Wow Love it! I do agree with everyone about putting some more defination around your eyes. Maybe do a blend of black and purple to look like a more sunk effect. Also maybe around the stitches put some dark red to show effect of fresh wounds
But great job !


----------



## Frighteners Entertainment (Jan 24, 2006)

Looks good.


----------



## Diane Rott (Jul 3, 2011)

I love it! Super great job.


----------



## Wildcat (Nov 3, 2007)

Thanks for all the kind replies.


----------



## Wildcat (Nov 3, 2007)

Wow. I can't believe I never showed the final product. 4 pages that never came to a conclusion. Shame on me.

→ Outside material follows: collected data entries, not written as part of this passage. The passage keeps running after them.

lemma free_lie_on_Un_decomposition:
  fixes f :: "'a::field nc_series"
  assumes A: "A \<subseteq> {1..n} \<times> {1..p}" and B: "B \<subseteq> {1..n} \<times> {1..p}" and disjoint: "A \<inter> B = {}"
    and commute: "\<And>i j i' j'. (i, j) \<in> A \<Longrightarrow> (i', j') \<in> B \<Longrightarrow>
      nc_br (gen i j) (gen i' j') \<in> (rel_ideal n p :: 'a nc_series set)"
    and f: "f \<in> free_lie_on (A \<union> B)"
  shows "(\<lambda>w. f w - restrict_letters A f w - restrict_letters B f w) \<in> rel_ideal n p"
  using f
proof (induction rule: free_lie_on.induct)
  case (gen i j)
  then have "(\<lambda>w. gen i j w - restrict_letters A (gen i j) w - restrict_letters B (gen i j) w)
      = (\<lambda>_. 0 :: 'a)"
    using disjoint by (auto simp: restrict_letters_gen)
  then show ?case by (simp only: ri_zero)
next
  case zero
  then show ?case by (simp add: restrict_letters_def ri_zero)
next
  case (add f g)
  have "(\<lambda>w. f w + g w - restrict_letters A (\<lambda>w. f w + g w) w - restrict_letters B (\<lambda>w. f w + g w) w)
      = (\<lambda>w. (f w - restrict_letters A f w - restrict_letters B f w)
             + (g w - restrict_letters A g w - restrict_letters B g w))"
    by (simp add: restrict_letters_add fun_eq_iff algebra_simps)
  then show ?case using add.IH by (simp only: ri_add)
next
  case (smult f c)
  have "(\<lambda>w. c * f w - restrict_letters A (\<lambda>w. c * f w) w - restrict_letters B (\<lambda>w. c * f w) w)
      = (\<lambda>w. c * (f w - restrict_letters A f w - restrict_letters B f w))"
    by (simp add: restrict_letters_smult fun_eq_iff algebra_simps)
  then show ?case using smult.IH by (simp only: ri_smult)
next
  case (br f g)
  define a where "a = restrict_letters A f"
  define b where "b = restrict_letters B f"
  define a' where "a' = restrict_letters A g"
  define b' where "b' = restrict_letters B g"
  define r where "r = (\<lambda>w. f w - a w - b w)"
  define r' where "r' = (\<lambda>w. g w - a' w - b' w)"
  have "a \<in> free_lie_on A" "a' \<in> free_lie_on A" "b \<in> free_lie_on B" "b' \<in> free_lie_on B"
    unfolding a_def a'_def b_def b'_def
    using restrict_letters_free_lie_on[OF br.hyps(1)] restrict_letters_free_lie_on[OF br.hyps(2)]
    by (metis Int_absorb1 Un_upper1 Un_upper2)+
  then have "a \<in> free_lie n p" "b \<in> free_lie n p"
      and "nc_br a b' \<in> rel_ideal n p" "nc_br b a' \<in> rel_ideal n p"
    using free_lie_on_subset_free_lie[OF A] free_lie_on_subset_free_lie[OF B]
      nc_br_free_lie_on_commuting[OF A B commute] rel_ideal_nc_br_swap
    by blast+
  moreover have "g \<in> free_lie n p"
    using free_lie_on_subset_free_lie[of "A \<union> B"] A B br.hyps(2) by blast
  moreover have "r \<in> rel_ideal n p" "r' \<in> rel_ideal n p"
    using br.IH unfolding r_def r'_def a_def b_def a'_def b'_def .
  ultimately have "nc_br a b' \<in> rel_ideal n p" "nc_br b a' \<in> rel_ideal n p"
    and "nc_br a r' \<in> rel_ideal n p" "nc_br b r' \<in> rel_ideal n p" "nc_br r g \<in> rel_ideal n p"
    by (auto intro: ri_brl ri_brr)
  then have "(\<lambda>w. nc_br a b' w + nc_br b a' w + nc_br a r' w + nc_br b r' w + nc_br r g w)
      \<in> rel_ideal n p"
    by (intro ri_add)
  moreover have "(\<lambda>w. nc_br f g w - restrict_letters A (nc_br f g) w - restrict_letters B (nc_br f g) w)
      = (\<lambda>w. nc_br a b' w + nc_br b a' w + nc_br a r' w + nc_br b r' w + nc_br r g w)"
    unfolding restrict_letters_nc_br a_def[symmetric] b_def[symmetric] a'_def[symmetric] b'_def[symmetric]
    by (simp add: r_def r'_def nc_br_def fun_eq_iff algebra_simps)
  ultimately show ?case by (simp only:)
qed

Well here it is....er....was.


----------



## Pumpkin5 (Aug 8, 2010)

:jol:I agree!...Now.....what shall your punishment be??????
Kidding....very cool make up....this is one of my favorites of your "looks"!


----------



## Hairazor (Mar 13, 2012)

Great look!


----------



## The Halloween Lady (Aug 18, 2010)

Well Wildcat that is one mighty fine creepy finale! You must have scared the bejeezus of people.
It turned out great! (Awesome pic too!)


----------



## RoxyBlue (Oct 6, 2008)

Will you come haunt our yard?:jol:


----------



## Dark Angel 27 (Sep 11, 2008)

I love this look!


----------



## Wildcat (Nov 3, 2007)

Thanks for the kind replies.


----------



## scareme (Aug 29, 2006)

You look smashing! What is the building behind you?


----------



## Wildcat (Nov 3, 2007)

Thanks. It's the Empress Hotel in Victoria BC.










Fairmont/ Empress


----------